**What is being asked:** Run through the data and copy out every line that mentions the word "blast".

Stored data entries:
lemma fibre_p_part:
  assumes K: "subgroup K G" and u: "u \<in> K" and up: "u [^] (p ^ a) = \<one>"
  shows "{g \<in> K. p_part g = u} = (\<lambda>w. u \<otimes> w) ` {w \<in> K \<inter> centralizer G {u}. w [^] m = \<one>}"
proof (rule Set.set_eqI, rule iffI)
  have Kc: "K \<subseteq> carrier G" using subgroup.subset[OF K] .
  fix g assume "g \<in> {g \<in> K. p_part g = u}"
  then have g: "g \<in> K" "p_part g = u" by auto
  have gc: "g \<in> carrier G" using g Kc by auto
  have "p'_part g \<in> {w \<in> K \<inter> centralizer G {u}. w [^] m = \<one>}"
    using p'_part_in_subgroup[OF K g(1)] pow_p'_part[OF gc] p_part_commute[OF gc] g(2) Kc
    unfolding centralizer_def by auto
  moreover have "g = u \<otimes> p'_part g" using p_part_mult_p'_part[OF gc] g(2) by simp
  ultimately show "g \<in> (\<lambda>w. u \<otimes> w) ` {w \<in> K \<inter> centralizer G {u}. w [^] m = \<one>}" by blast
next
  fix g assume "g \<in> (\<lambda>w. u \<otimes> w) ` {w \<in> K \<inter> centralizer G {u}. w [^] m = \<one>}"
  then obtain w where w: "w \<in> K" "w \<in> carrier G" "w \<otimes> u = u \<otimes> w" "w [^] m = \<one>" "g = u \<otimes> w"
    unfolding centralizer_def by auto
  have uc: "u \<in> carrier G" using u subgroup.mem_carrier[OF K] by auto
  show "g \<in> {g \<in> K. p_part g = u}"
    using p_part_unique[OF uc w(2) w(3)[symmetric] up w(4)] subgroup.m_closed[OF K u w(1)] w(5) by simp
qed

lemma card_p_part_in:
  assumes K: "subgroup K G" and U: "U \<subseteq> {u \<in> K. u [^] (p ^ a) = \<one>}"
  shows "card {g \<in> K. p_part g \<in> U} = (\<Sum>u\<in>U. card {w \<in> K \<inter> centralizer G {u}. w [^] m = \<one>})"
proof -
  have Kc: "K \<subseteq> carrier G" using subgroup.subset[OF K] .
  have fK: "finite K" using finite_subset[OF Kc fin] .
  have fU: "finite U" using finite_subset[OF _ fK] U by blast
  have "card {g \<in> K. p_part g \<in> U} = card (\<Union>u\<in>U. {g \<in> K. p_part g = u})"
    by (rule arg_cong[where f = card]) auto
  also have "\<dots> = (\<Sum>u\<in>U. card {g \<in> K. p_part g = u})"
    by (rule card_UN_disjoint[OF fU]) (use fK in auto)
  also have "\<dots> = (\<Sum>u\<in>U. card {w \<in> K \<inter> centralizer G {u}. w [^] m = \<one>})"
  proof (rule sum.cong[OF refl])
    fix u assume "u \<in> U"
    then have u: "u \<in> K" "u [^] (p ^ a) = \<one>" using U by auto
    have "inj_on (\<lambda>w. u \<otimes> w) {w \<in> K \<inter> centralizer G {u}. w [^] m = \<one>}"
      using u(1) Kc by (auto simp: inj_on_def centralizer_def subsetD)
    then show "card {g \<in> K. p_part g = u} = card {w \<in> K \<inter> centralizer G {u}. w [^] m = \<one>}"
      using fibre_p_part[OF K u] by (simp add: card_image)
  qed
  finally show ?thesis .
qed

lemma card_central_p_part:
  assumes K: "subgroup K G" and PK: "P \<subseteq> K"
  shows "card {g \<in> K. \<forall>k\<in>K. k \<otimes> p_part g = p_part g \<otimes> k}
         = card {u \<in> P. \<forall>k\<in>K. k \<otimes> u = u \<otimes> k} * card {k \<in> K. k [^] m = \<one>}"
proof -
  define Z where "Z = {u \<in> P. \<forall>k\<in>K. k \<otimes> u = u \<otimes> k}"
  have Kc: "K \<subseteq> carrier G" using subgroup.subset[OF K] .
  have "{g \<in> K. \<forall>k\<in>K. k \<otimes> p_part g = p_part g \<otimes> k} = {g \<in> K. p_part g \<in> Z}"
    unfolding Z_def using central_p_element_in_sylow[OF K PK] p_part_in_subgroup[OF K] pow_p_part Kc
    by auto
  moreover have "Z \<subseteq> {u \<in> K. u [^] (p ^ a) = \<one>}"
    using PK pow_order_sylow_eq_one unfolding Z_def by auto
  moreover have "K \<inter> centralizer G {u} = K" if "u \<in> Z" for u
    using that Kc unfolding Z_def centralizer_def by auto
  ultimately show ?thesis using card_p_part_in[OF K, of Z] unfolding Z_def[symmetric] by simp
qed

**Written response:**
  ultimately show "g \<in> (\<lambda>w. u \<otimes> w) ` {w \<in> K \<inter> centralizer G {u}. w [^] m = \<one>}" by blast
  have fU: "finite U" using finite_subset[OF _ fK] U by blast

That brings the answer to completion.